Once you find the line with "1) * \<Delta>)\<^sup>2 = (7" in the data that follows, repeat it and every line after it exactly, through the line with "L) *\<^sub>R gt".

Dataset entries
# # # #
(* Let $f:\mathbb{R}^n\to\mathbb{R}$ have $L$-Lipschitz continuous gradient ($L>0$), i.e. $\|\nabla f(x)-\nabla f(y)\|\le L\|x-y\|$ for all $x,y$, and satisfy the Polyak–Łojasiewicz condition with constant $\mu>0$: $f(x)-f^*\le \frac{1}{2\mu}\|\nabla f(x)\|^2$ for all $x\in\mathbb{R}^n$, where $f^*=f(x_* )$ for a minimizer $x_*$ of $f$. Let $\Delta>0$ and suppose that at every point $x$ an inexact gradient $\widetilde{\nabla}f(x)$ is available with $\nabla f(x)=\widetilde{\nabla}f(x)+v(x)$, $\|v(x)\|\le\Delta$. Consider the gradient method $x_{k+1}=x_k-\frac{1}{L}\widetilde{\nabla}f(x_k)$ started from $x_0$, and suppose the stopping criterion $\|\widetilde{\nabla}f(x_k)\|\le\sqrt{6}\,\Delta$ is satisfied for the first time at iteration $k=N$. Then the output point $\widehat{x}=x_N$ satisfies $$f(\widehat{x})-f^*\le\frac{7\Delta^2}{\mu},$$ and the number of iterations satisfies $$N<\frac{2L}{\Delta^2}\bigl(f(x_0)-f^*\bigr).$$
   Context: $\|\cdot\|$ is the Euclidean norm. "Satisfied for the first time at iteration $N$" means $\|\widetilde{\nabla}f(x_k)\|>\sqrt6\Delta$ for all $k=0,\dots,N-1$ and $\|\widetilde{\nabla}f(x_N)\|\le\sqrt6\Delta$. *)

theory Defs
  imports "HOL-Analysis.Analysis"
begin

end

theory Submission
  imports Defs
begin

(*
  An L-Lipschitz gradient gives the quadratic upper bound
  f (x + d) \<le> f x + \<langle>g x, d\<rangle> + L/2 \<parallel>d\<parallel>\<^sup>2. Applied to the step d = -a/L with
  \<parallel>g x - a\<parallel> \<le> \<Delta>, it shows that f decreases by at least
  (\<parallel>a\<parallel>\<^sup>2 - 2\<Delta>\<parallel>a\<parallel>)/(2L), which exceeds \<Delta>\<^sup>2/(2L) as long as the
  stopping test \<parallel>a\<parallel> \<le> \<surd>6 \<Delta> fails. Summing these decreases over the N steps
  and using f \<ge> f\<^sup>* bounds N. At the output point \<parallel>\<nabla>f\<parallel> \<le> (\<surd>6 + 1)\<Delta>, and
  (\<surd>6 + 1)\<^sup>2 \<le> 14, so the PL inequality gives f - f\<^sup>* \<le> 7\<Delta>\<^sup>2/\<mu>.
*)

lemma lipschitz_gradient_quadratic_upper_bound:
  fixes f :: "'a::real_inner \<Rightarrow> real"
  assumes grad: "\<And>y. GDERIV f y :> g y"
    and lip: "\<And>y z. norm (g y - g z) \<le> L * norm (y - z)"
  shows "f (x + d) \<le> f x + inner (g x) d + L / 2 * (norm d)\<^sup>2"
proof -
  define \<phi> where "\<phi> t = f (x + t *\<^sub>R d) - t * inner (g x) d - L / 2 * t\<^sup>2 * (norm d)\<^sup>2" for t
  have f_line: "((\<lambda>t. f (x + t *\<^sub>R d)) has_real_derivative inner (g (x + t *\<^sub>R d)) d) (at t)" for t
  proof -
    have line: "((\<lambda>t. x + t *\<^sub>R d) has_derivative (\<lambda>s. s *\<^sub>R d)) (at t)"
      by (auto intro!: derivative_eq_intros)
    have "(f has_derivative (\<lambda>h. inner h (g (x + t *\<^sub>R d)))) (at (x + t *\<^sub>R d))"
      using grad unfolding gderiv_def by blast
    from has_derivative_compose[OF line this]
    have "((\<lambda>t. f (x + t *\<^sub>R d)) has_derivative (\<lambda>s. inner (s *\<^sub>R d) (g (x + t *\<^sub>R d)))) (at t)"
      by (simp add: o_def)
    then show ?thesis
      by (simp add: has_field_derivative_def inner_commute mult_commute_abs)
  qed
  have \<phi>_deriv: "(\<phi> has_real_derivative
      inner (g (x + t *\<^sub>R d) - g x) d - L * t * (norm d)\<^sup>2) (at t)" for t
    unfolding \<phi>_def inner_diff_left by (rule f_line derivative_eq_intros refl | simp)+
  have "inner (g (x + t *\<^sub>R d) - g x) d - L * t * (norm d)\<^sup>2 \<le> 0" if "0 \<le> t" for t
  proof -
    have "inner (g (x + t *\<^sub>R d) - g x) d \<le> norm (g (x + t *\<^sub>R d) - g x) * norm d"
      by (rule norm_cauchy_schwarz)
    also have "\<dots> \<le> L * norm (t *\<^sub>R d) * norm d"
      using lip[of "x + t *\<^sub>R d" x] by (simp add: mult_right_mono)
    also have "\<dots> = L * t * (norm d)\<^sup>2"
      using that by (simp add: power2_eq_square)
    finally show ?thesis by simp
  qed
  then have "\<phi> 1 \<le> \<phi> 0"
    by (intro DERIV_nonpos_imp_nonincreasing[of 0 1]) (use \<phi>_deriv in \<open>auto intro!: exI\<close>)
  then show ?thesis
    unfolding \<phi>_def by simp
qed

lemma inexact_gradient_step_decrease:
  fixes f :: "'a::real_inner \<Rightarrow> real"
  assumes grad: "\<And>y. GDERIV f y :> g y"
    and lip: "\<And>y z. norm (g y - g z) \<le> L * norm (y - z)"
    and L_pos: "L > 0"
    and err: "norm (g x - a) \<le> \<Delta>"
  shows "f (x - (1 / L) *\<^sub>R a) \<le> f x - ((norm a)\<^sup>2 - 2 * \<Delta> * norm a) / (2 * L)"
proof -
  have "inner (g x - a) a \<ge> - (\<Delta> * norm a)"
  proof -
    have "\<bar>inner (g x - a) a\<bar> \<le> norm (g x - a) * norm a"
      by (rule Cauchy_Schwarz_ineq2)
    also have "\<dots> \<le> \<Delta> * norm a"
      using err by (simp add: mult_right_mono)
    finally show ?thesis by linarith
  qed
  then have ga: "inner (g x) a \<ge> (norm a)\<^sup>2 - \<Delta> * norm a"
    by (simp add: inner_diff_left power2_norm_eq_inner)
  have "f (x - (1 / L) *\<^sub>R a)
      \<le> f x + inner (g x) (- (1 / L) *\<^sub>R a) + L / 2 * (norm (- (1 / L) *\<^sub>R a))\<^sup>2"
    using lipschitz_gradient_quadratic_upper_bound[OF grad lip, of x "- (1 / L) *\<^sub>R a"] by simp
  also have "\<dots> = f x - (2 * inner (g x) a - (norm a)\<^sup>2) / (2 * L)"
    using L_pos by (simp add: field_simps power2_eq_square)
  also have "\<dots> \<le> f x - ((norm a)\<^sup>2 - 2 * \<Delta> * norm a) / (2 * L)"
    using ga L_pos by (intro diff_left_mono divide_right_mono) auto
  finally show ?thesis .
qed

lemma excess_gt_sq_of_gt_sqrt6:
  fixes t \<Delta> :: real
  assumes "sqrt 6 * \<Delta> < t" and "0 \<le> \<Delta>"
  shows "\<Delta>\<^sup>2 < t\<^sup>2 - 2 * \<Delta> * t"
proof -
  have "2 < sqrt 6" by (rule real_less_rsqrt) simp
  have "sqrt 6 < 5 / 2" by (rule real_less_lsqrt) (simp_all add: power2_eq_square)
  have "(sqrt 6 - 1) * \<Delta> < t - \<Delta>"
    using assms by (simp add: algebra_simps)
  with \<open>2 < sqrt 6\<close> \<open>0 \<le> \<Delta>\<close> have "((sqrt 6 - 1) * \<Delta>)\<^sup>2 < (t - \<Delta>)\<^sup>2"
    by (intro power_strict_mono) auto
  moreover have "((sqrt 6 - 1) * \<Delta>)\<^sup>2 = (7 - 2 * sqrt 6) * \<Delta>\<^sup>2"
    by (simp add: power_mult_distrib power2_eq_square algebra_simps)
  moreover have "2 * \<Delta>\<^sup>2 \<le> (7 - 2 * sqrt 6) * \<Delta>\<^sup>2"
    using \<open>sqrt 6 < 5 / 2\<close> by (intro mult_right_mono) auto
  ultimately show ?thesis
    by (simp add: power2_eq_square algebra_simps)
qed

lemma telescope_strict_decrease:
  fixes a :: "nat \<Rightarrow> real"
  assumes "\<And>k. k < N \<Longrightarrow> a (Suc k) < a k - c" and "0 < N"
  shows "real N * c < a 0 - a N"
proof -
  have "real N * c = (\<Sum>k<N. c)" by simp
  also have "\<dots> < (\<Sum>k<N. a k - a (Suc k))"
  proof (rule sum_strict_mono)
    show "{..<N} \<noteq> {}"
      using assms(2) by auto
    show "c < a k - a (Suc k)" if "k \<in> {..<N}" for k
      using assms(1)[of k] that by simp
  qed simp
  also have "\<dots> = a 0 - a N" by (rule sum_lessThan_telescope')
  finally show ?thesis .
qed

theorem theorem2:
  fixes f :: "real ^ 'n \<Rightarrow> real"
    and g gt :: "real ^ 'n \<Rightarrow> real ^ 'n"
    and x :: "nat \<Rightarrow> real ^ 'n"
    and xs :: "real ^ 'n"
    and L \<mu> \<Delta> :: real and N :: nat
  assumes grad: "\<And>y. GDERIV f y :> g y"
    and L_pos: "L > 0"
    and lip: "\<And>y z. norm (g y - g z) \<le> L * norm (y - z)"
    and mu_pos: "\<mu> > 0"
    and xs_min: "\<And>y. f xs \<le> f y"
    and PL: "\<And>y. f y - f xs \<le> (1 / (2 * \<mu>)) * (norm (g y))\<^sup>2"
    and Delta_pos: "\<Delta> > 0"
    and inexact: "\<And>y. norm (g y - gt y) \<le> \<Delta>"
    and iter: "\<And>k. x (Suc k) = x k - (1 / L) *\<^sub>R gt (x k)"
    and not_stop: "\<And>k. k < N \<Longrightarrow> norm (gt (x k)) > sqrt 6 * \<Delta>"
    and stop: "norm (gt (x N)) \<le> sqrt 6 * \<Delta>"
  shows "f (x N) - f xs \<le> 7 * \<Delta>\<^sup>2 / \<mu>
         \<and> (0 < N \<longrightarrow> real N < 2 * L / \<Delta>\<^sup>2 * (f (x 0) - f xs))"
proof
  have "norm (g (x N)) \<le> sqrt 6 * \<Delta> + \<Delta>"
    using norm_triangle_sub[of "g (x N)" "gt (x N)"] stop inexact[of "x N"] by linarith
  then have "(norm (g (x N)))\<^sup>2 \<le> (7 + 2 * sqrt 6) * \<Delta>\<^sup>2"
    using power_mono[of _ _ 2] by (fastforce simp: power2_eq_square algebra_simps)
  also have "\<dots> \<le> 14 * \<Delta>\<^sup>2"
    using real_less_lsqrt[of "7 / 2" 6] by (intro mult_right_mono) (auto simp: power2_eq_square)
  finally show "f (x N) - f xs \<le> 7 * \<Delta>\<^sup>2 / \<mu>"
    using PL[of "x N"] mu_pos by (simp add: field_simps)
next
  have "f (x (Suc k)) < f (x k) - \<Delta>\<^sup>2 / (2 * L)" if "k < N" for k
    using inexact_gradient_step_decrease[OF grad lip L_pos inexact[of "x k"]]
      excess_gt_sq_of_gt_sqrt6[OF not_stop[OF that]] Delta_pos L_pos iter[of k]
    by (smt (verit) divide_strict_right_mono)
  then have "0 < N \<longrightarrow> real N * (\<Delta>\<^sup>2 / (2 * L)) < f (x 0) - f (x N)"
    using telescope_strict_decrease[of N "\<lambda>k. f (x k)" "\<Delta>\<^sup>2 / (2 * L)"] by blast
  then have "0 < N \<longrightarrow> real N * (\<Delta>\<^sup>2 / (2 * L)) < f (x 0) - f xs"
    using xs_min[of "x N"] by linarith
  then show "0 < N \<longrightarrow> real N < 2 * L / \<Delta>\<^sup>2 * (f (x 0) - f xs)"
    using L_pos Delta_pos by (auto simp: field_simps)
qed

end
# # # #
Result of the task
  moreover have "((sqrt 6 - 1) * \<Delta>)\<^sup>2 = (7 - 2 * sqrt 6) * \<Delta>\<^sup>2"
    by (simp add: power_mult_distrib power2_eq_square algebra_simps)
  moreover have "2 * \<Delta>\<^sup>2 \<le> (7 - 2 * sqrt 6) * \<Delta>\<^sup>2"
    using \<open>sqrt 6 < 5 / 2\<close> by (intro mult_right_mono) auto
  ultimately show ?thesis
    by (simp add: power2_eq_square algebra_simps)
qed

lemma telescope_strict_decrease:
  fixes a :: "nat \<Rightarrow> real"
  assumes "\<And>k. k < N \<Longrightarrow> a (Suc k) < a k - c" and "0 < N"
  shows "real N * c < a 0 - a N"
proof -
  have "real N * c = (\<Sum>k<N. c)" by simp
  also have "\<dots> < (\<Sum>k<N. a k - a (Suc k))"
  proof (rule sum_strict_mono)
    show "{..<N} \<noteq> {}"
      using assms(2) by auto
    show "c < a k - a (Suc k)" if "k \<in> {..<N}" for k
      using assms(1)[of k] that by simp
  qed simp
  also have "\<dots> = a 0 - a N" by (rule sum_lessThan_telescope')
  finally show ?thesis .
qed

theorem theorem2:
  fixes f :: "real ^ 'n \<Rightarrow> real"
    and g gt :: "real ^ 'n \<Rightarrow> real ^ 'n"
    and x :: "nat \<Rightarrow> real ^ 'n"
    and xs :: "real ^ 'n"
    and L \<mu> \<Delta> :: real and N :: nat
  assumes grad: "\<And>y. GDERIV f y :> g y"
    and L_pos: "L > 0"
    and lip: "\<And>y z. norm (g y - g z) \<le> L * norm (y - z)"
    and mu_pos: "\<mu> > 0"
    and xs_min: "\<And>y. f xs \<le> f y"
    and PL: "\<And>y. f y - f xs \<le> (1 / (2 * \<mu>)) * (norm (g y))\<^sup>2"
    and Delta_pos: "\<Delta> > 0"
    and inexact: "\<And>y. norm (g y - gt y) \<le> \<Delta>"
    and iter: "\<And>k. x (Suc k) = x k - (1 / L) *\<^sub>R gt (x k)"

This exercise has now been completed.